Try it => Copy the lines exactly. Begin at the first line of the data and stop after the line with "using DERIV_chain2[OF trunc_pow_deriv[OF".

<<<<

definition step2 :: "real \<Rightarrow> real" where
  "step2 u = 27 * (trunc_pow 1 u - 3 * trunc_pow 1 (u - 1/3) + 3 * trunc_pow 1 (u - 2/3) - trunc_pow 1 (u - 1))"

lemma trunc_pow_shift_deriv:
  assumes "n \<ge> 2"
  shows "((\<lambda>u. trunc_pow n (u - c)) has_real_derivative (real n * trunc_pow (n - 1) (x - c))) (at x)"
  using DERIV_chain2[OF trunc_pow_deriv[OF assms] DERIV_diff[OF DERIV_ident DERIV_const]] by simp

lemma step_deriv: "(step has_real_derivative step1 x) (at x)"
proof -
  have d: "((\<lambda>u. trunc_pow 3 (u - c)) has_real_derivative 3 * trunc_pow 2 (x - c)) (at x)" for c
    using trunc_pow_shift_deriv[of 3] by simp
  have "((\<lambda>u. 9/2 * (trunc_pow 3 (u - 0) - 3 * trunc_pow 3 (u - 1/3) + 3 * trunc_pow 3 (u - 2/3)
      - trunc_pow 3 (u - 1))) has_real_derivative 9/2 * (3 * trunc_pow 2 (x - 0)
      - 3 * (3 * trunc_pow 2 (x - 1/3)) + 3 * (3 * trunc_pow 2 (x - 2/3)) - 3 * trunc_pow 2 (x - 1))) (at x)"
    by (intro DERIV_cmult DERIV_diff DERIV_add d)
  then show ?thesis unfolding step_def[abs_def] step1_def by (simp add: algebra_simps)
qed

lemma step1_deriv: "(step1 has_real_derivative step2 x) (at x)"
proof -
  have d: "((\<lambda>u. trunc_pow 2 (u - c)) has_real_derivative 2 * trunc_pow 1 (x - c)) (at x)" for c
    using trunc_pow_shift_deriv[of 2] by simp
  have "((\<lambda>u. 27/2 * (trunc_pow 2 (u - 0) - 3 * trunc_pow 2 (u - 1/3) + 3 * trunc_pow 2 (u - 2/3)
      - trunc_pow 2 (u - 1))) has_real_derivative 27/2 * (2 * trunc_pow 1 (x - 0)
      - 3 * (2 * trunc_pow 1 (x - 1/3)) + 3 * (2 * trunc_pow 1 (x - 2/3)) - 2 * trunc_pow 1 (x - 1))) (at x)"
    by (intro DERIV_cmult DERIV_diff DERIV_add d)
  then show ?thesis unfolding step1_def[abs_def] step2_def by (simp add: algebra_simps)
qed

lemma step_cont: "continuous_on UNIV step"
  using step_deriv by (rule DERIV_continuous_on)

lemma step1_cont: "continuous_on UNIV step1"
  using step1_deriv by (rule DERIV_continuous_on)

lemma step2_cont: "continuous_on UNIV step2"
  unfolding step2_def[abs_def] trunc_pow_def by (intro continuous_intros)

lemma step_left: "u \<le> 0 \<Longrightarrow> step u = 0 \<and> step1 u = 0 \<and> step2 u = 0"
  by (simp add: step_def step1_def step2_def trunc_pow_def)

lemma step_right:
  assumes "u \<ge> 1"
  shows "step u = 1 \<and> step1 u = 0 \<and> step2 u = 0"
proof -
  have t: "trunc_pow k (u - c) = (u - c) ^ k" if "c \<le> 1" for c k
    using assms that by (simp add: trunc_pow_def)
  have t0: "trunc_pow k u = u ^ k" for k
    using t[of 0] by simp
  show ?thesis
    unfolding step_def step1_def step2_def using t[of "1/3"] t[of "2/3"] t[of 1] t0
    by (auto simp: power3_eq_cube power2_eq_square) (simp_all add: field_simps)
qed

>>>>

Task answer =>
definition step2 :: "real \<Rightarrow> real" where
  "step2 u = 27 * (trunc_pow 1 u - 3 * trunc_pow 1 (u - 1/3) + 3 * trunc_pow 1 (u - 2/3) - trunc_pow 1 (u - 1))"

lemma trunc_pow_shift_deriv:
  assumes "n \<ge> 2"
  shows "((\<lambda>u. trunc_pow n (u - c)) has_real_derivative (real n * trunc_pow (n - 1) (x - c))) (at x)"
  using DERIV_chain2[OF trunc_pow_deriv[OF assms] DERIV_diff[OF DERIV_ident DERIV_const]] by simp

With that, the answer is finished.